- Born: 4 January 1900 Istanbul, Ottoman Empire
- Died: 14 August 1985 (aged 85) Ankara, Turkey
- Resting place: Cebeci Asri Cemetery, Ankara
- Education: Teaching, painting
- Style: Realism-Impressionism
- Spouse: Fahri Ecevit ​ ​(m. 1924; died 1951)​
- Children: Bülent Ecevit

= Nazlı Ecevit =

Turkish painter

Fatma Nazlı Ecevit (4 January 1900 – 14 August 1985) was a Turkish school teacher and a realist-impressionist painter. She was the mother of Prime Minister Bülent Ecevit.

==Early life==
Fatma Nazlı Ecevit was born in Istanbul, as Constantinople the then capital of the Ottoman Empire, on 4 January 1900. Her father was Emin Sargut, a colonel, her paternal grandfather Salih Pasha, a major general (Ferik) and her maternal grandfather Kirat Pasha, an aide to the Ottoman Sultan She was of Bosniak ancestry.

After she graduated from the Çapa Teacher's School for Girls (Çapa İnas Dar-ül muallimat) in 1915, Mihri Müşfik, one of the first Turkish women painters, encouraged her to develop her interest in painting. She went on to study at the Fine Arts School for Girls (İnas Sanayi-i Nefise Mektebi) between 1915 and 1922, where she was taught by Ömer Adil, and joined the workshop of Feyhaman Duran. As the graduating examinations for the Fine Arts School for Girls were cancelled due to the Turkish War of Independence, she obtained a teaching certificate.

==Years as teacher==
Nazlı was employed as a painting teacher at Beşiktaş Junior High School for Girls. She then followed her father to Kastamonu in Anatolia, and suspended her painting career for 25 years. She first taught in Kastamonu, and later in Bolu and İzmit.

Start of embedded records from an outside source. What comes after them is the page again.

lemma sup_card_is_continuumI:
  assumes "\<And>S. P S \<Longrightarrow> S \<lesssim> (UNIV::real set)" "P S\<^sub>0" "(UNIV::real set) \<lesssim> S\<^sub>0"
  shows "sup_card_is_continuum P"
  unfolding sup_card_is_continuum_def
proof (intro conjI allI impI)
  fix S assume "P S"
  then show "S \<lesssim> (UNIV::real set)" by (rule assms(1))
next
  fix K :: "real set" assume K: "K \<prec> (UNIV::real set)"
  have "\<not> S\<^sub>0 \<lesssim> K"
  proof
    assume "S\<^sub>0 \<lesssim> K"
    with assms(3) have "(UNIV::real set) \<lesssim> K" by (rule lepoll_trans)
    from lesspoll_trans2[OF K this] show False by simp
  qed
  with assms(2) show "\<exists>S. P S \<and> \<not> S \<lesssim> K" by blast
qed
lemma pos_roots_iff: "b \<in> pos_roots r \<longleftrightarrow> (\<exists>i j y. root_data r i j 1 y \<and> i \<le> j \<and> b = root_vec i j 1 y)"
proof
  assume "b \<in> pos_roots r"
  then show "\<exists>i j y. root_data r i j 1 y \<and> i \<le> j \<and> b = root_vec i j 1 y"
    unfolding pos_roots_def
  proof (elim UnE CollectE exE conjE)
    fix i j assume h: "b = eps i - eps j" "1 \<le> i" "i < j" "j \<le> r"
    then have "b = root_vec i j 1 (-1)" by (auto simp: root_vec_def fun_eq_iff)
    with h show ?thesis by (intro exI[of _ i] exI[of _ j] exI[of _ "-1"]) (auto simp: root_data_def)
  next
    fix i j assume h: "b = eps i + eps j" "1 \<le> i" "i \<le> j" "j \<le> r"
    then have "b = root_vec i j 1 1" by (auto simp: root_vec_def fun_eq_iff)
    with h show ?thesis by (intro exI[of _ i] exI[of _ j] exI[of _ "1"]) (auto simp: root_data_def)
  qed
next
  assume "\<exists>i j y. root_data r i j 1 y \<and> i \<le> j \<and> b = root_vec i j 1 y"
  then obtain i j y where h: "root_data r i j 1 y" "i \<le> j" "b = root_vec i j 1 y" by blast
  show "b \<in> pos_roots r"
  proof (cases "y = 1")
    case True
    then have "b = eps i + eps j" using h by (auto simp: root_vec_def fun_eq_iff)
    then show ?thesis using h unfolding pos_roots_def root_data_def by blast
  next
    case False
    then have "y = -1" "i < j" using h by (auto simp: root_data_def)
    then have "b = eps i - eps j" using h by (auto simp: root_vec_def fun_eq_iff)
    then show ?thesis using h \<open>i < j\<close> unfolding pos_roots_def root_data_def by blast
  qed
qed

She married in 1924 and moved to Ankara. The next year, she gave birth to a son, Bülent, who went on to become a political party leader and four times prime minister. She worked as an art teacher in the Ankara Teachers' School of Music, the forerunner of the Hacettepe University Ankara State Conservatory. She also taught in the Istanbul Master Junior High School. Her career as teacher lasted for nineteen years.

==Painting career==
Nazlı resumed painting in 1947. She had shown her works at the Galatasaray Expositions during her student years and resumed doing so at group exhibitions after 1947. She also held private exhibitions. During her student years, she painted portraits and nudes. From 1948 to 1975, her works were displayed almost every year at the State Art and Sculpture Exhibition.

Her works present a realist and impressionist style that she developed in the Fine Arts Union, of which she was a member and for some time also its chairperson. Her style resembles that of Turkish painters of the 1930s' generation like İbrahim Çallı, Şeref Akdik, Ali Karsan and Adil Doğançay and she had a powerful sense of design. After 1947, she painted mostly landscapes and still lifes, combining the soft and colourful sensitivity of the impressionist style in landscape paintings of Salacak, the Bosphorus in Istanbul and Bursa with a realist look at local atmosphere. She worked in oils, watercolours, crayon and charcoal. Her impressionism was based on a tradition transmitted via military painters in Turkey.

==Health issues and death==
By June 1985, Nazlı was hospitalised in Istanbul, where she lived, due to diabetes and urinary problems. Later, she was transferred to Ankara, where her son Bülent Ecevit resided. On 14 August 1985, she died at the age of 85 in the hospital of Hacettepe University, where she was being treated. She was interred at Cebeci Asri Cemetery following a funeral service at the Hacı Bayram Mosque.

==Works==
Her notable paintings include:
- Keriman Hanım'ın Portresi (Portrait of Kerman Hanım), (1922) İstanbul State Art and Sculpture Museum
- Çiçekler (Flowers), İstanbul State Art and Sculpture Museum
- Çamlıcan'dan Görünüm (View from Çamlıca)
- Balkonlu Manzara (Landscape with Balcony)
- Bebek (Baby), (sold in April 2000 for approx. US$19,200)
- Salacakta Kız Kulesi (Maiden's Tower at Salacak), (sold in June for approx. US$23,200)
- Boğaziçi (Bosporus), (1954) (sold in June 2000 for approx. US$8,000)

Recep Tayyip Erdoğan had one of her oil paintings named Salacak hung in the office building of the prime minister in July 2003 after he took office in the March of that year.